WORK INSTRUCTIONS. Somewhere below are a line with "by (rule sum.cong[OF" and a later line with "- w else 0))". Output exactly those lines and all lines between them.

THE INPUT.
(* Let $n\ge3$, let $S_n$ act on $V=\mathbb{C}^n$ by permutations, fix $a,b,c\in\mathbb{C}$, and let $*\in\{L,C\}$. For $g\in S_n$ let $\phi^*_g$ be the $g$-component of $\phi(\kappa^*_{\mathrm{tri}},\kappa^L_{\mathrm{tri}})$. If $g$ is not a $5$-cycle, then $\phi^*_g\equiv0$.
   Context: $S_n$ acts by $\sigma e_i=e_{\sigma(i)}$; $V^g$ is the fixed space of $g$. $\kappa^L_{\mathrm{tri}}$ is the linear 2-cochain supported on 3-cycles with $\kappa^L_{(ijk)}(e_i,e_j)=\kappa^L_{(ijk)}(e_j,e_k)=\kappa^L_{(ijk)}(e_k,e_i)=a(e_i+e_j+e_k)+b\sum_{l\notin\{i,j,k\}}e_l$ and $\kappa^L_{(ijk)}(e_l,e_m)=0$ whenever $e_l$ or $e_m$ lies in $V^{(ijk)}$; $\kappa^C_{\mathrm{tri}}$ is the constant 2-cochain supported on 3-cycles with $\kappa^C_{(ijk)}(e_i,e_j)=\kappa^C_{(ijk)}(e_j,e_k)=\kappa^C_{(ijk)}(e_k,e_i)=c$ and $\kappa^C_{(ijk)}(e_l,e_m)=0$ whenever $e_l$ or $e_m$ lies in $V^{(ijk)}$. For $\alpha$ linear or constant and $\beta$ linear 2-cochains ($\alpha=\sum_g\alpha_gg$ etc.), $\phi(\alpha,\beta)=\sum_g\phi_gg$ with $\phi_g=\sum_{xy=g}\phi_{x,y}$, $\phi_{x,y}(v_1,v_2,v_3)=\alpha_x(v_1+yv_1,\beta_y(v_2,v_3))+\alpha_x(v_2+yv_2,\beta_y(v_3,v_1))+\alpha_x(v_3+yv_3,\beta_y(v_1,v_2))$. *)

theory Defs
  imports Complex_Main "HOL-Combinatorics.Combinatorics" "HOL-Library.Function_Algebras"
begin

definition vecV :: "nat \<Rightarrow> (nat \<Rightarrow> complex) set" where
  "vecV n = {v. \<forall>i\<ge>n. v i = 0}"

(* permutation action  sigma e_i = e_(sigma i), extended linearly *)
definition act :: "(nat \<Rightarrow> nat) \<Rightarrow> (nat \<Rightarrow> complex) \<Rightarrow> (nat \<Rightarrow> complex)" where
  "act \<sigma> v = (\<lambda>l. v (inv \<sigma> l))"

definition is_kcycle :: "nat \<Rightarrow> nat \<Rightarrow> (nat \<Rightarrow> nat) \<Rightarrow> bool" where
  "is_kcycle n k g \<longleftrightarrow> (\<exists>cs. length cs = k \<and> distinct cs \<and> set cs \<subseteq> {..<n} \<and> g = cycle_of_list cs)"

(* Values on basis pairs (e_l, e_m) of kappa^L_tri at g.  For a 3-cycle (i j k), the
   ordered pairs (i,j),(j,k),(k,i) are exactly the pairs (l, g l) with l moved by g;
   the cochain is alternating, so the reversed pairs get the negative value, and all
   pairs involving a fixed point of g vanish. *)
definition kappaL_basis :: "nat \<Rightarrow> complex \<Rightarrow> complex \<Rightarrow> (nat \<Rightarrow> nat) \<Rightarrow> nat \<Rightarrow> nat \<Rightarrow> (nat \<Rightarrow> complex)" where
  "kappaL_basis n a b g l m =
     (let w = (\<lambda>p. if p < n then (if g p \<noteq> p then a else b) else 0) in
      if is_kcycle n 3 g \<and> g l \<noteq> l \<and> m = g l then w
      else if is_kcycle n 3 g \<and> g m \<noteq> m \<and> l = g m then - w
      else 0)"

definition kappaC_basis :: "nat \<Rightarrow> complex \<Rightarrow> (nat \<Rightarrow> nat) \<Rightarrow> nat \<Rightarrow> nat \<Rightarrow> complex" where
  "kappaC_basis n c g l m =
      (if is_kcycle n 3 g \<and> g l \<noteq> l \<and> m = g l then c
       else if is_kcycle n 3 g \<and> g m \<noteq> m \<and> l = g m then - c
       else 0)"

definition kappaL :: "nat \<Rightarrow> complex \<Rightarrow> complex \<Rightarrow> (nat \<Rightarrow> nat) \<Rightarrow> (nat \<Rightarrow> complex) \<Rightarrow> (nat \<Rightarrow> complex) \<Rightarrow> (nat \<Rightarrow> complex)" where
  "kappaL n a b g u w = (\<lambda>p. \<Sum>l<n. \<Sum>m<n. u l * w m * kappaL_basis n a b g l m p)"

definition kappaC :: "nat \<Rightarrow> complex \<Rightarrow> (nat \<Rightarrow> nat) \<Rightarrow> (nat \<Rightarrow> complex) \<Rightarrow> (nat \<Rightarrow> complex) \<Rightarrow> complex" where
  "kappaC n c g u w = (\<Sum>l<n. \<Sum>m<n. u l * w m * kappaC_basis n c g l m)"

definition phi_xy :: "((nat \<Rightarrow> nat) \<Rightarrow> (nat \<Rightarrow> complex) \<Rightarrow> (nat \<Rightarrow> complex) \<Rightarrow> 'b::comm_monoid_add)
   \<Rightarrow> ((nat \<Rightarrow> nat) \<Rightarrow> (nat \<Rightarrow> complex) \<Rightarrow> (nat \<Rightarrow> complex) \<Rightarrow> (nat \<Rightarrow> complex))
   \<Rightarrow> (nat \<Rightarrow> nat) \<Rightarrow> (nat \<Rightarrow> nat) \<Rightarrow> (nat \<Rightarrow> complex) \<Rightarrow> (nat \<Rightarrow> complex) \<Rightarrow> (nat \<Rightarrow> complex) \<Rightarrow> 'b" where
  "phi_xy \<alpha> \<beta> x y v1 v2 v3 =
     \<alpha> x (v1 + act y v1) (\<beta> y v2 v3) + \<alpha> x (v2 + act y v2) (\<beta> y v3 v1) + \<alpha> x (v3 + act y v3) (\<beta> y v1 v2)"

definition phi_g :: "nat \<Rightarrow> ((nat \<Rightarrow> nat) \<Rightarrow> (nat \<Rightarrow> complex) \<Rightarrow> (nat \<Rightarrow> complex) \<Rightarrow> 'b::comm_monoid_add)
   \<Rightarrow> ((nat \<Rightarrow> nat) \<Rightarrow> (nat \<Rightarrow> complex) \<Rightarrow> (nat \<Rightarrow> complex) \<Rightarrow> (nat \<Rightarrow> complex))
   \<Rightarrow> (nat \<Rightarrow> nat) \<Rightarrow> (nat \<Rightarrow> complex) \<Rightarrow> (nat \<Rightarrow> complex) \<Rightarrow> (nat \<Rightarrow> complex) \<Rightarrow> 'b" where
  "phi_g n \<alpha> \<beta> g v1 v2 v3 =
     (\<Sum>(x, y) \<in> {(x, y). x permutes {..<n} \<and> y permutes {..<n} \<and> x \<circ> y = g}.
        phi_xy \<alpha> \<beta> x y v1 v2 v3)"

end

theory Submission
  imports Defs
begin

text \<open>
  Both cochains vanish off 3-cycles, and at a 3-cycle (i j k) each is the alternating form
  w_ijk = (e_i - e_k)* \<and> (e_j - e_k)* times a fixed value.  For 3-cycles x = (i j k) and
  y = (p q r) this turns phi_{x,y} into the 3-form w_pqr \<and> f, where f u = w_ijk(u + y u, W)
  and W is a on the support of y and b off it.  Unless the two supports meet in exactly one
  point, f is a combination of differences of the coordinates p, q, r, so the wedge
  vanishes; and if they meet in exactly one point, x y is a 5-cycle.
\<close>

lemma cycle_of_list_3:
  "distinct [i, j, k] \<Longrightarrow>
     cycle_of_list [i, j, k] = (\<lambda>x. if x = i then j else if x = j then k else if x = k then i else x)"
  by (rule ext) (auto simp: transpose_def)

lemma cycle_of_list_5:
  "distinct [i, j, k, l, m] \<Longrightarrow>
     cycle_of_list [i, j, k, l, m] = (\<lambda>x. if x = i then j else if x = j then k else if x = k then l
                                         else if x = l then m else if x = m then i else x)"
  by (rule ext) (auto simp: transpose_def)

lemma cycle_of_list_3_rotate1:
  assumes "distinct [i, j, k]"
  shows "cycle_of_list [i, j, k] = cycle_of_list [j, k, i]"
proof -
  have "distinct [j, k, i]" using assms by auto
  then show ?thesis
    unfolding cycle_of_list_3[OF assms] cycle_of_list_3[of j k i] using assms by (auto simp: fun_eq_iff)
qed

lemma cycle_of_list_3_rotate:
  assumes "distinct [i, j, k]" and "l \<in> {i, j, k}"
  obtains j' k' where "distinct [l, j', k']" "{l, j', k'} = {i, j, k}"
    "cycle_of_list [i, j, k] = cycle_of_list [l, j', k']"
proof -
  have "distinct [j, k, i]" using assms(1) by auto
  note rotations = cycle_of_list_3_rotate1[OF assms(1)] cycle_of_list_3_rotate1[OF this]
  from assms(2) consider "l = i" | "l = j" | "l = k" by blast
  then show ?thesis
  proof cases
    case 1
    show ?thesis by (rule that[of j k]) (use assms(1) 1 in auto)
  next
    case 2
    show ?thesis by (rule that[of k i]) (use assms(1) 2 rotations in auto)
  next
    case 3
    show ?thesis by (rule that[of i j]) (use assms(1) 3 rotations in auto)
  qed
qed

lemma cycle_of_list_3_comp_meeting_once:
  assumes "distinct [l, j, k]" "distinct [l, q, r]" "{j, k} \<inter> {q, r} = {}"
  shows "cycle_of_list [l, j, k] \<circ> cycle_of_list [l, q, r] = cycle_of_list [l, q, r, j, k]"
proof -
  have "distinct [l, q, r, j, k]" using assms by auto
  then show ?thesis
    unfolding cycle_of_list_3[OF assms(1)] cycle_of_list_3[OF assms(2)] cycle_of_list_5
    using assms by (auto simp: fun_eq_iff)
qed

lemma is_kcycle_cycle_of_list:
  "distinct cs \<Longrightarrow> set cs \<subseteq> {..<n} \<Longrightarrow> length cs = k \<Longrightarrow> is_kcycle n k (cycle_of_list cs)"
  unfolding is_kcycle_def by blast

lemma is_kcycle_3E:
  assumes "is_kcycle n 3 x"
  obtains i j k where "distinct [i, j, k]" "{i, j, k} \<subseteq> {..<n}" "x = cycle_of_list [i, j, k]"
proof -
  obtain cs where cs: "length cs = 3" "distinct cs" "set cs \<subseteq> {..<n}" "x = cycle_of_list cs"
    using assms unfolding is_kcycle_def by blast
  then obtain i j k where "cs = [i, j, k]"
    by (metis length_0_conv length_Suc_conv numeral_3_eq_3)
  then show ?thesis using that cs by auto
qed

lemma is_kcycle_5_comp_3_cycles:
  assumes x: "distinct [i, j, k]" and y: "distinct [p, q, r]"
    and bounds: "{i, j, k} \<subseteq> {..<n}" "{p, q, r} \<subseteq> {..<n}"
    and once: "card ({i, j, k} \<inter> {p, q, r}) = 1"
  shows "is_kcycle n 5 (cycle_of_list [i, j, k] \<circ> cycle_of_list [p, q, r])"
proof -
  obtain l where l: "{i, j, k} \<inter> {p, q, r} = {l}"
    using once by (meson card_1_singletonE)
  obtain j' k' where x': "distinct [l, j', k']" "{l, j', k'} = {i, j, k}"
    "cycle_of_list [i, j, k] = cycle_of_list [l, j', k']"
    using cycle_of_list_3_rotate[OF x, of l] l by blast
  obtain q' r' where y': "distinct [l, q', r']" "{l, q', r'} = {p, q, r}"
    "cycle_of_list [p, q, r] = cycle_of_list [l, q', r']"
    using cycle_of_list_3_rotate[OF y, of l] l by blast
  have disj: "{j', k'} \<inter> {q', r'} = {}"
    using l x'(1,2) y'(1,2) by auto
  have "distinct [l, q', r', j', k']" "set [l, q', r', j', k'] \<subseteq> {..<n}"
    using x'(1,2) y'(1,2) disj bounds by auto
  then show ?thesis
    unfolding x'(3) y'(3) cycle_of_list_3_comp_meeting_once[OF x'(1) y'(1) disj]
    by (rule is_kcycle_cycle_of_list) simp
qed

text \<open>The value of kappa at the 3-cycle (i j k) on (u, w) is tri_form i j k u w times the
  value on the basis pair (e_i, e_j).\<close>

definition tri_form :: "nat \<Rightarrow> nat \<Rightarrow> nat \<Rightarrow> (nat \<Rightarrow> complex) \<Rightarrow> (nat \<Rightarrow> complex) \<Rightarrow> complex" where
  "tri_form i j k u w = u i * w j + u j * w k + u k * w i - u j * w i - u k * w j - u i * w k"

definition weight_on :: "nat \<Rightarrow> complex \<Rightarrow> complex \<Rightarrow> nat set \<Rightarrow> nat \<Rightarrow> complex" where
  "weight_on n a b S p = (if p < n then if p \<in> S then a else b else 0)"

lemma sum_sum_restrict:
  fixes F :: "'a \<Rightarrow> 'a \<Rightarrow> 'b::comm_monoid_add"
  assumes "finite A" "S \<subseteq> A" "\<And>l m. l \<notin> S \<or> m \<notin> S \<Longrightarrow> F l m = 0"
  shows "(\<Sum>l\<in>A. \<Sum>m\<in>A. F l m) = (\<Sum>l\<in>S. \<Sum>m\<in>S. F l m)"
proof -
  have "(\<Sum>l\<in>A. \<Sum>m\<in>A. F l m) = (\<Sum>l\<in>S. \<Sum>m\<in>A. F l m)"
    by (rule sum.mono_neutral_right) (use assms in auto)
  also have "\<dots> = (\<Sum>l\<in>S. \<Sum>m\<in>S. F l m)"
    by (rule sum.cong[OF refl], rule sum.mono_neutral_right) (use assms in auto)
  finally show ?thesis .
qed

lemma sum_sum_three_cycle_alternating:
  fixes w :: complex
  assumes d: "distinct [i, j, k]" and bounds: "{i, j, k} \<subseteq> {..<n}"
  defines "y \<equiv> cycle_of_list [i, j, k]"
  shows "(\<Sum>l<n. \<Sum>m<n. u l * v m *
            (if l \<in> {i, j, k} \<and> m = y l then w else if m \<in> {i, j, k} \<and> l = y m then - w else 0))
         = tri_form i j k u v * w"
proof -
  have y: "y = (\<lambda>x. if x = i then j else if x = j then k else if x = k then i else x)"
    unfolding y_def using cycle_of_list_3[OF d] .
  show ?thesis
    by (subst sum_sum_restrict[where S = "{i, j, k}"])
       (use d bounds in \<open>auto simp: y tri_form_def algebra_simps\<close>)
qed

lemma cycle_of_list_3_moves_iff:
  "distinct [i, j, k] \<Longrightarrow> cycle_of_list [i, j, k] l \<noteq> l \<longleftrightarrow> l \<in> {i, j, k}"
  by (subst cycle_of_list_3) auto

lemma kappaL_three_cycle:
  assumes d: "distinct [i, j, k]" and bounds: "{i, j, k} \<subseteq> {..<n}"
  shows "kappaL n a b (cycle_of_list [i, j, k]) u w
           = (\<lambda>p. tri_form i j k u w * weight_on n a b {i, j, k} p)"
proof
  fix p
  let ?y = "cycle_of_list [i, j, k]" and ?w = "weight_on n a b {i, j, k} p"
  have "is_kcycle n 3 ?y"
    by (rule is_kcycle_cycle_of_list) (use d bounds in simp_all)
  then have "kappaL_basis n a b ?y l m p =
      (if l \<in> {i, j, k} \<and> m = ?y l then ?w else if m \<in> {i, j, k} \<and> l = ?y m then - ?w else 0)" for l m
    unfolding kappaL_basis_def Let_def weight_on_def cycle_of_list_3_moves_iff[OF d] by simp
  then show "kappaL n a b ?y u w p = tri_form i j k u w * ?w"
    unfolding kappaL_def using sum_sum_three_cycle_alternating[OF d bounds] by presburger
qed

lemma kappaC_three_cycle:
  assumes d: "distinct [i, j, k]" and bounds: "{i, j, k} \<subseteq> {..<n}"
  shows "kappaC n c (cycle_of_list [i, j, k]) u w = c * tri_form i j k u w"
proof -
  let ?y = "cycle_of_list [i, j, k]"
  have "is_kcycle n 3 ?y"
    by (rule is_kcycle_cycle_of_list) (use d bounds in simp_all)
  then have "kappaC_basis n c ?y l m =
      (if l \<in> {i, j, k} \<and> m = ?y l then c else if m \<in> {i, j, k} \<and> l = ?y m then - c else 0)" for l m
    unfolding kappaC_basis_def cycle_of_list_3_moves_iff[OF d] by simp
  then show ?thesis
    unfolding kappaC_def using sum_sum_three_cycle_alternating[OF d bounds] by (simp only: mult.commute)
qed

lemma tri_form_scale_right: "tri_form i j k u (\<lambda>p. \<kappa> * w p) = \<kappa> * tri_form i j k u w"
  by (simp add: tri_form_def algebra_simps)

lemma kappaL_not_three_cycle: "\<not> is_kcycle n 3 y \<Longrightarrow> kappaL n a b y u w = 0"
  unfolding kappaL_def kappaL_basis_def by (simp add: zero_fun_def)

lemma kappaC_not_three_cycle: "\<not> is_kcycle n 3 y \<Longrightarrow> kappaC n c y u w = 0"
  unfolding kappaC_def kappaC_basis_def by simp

RESULT FOR THIS TASK.
    by (rule sum.cong[OF refl], rule sum.mono_neutral_right) (use assms in auto)
  finally show ?thesis .
qed

lemma sum_sum_three_cycle_alternating:
  fixes w :: complex
  assumes d: "distinct [i, j, k]" and bounds: "{i, j, k} \<subseteq> {..<n}"
  defines "y \<equiv> cycle_of_list [i, j, k]"
  shows "(\<Sum>l<n. \<Sum>m<n. u l * v m *
            (if l \<in> {i, j, k} \<and> m = y l then w else if m \<in> {i, j, k} \<and> l = y m then - w else 0))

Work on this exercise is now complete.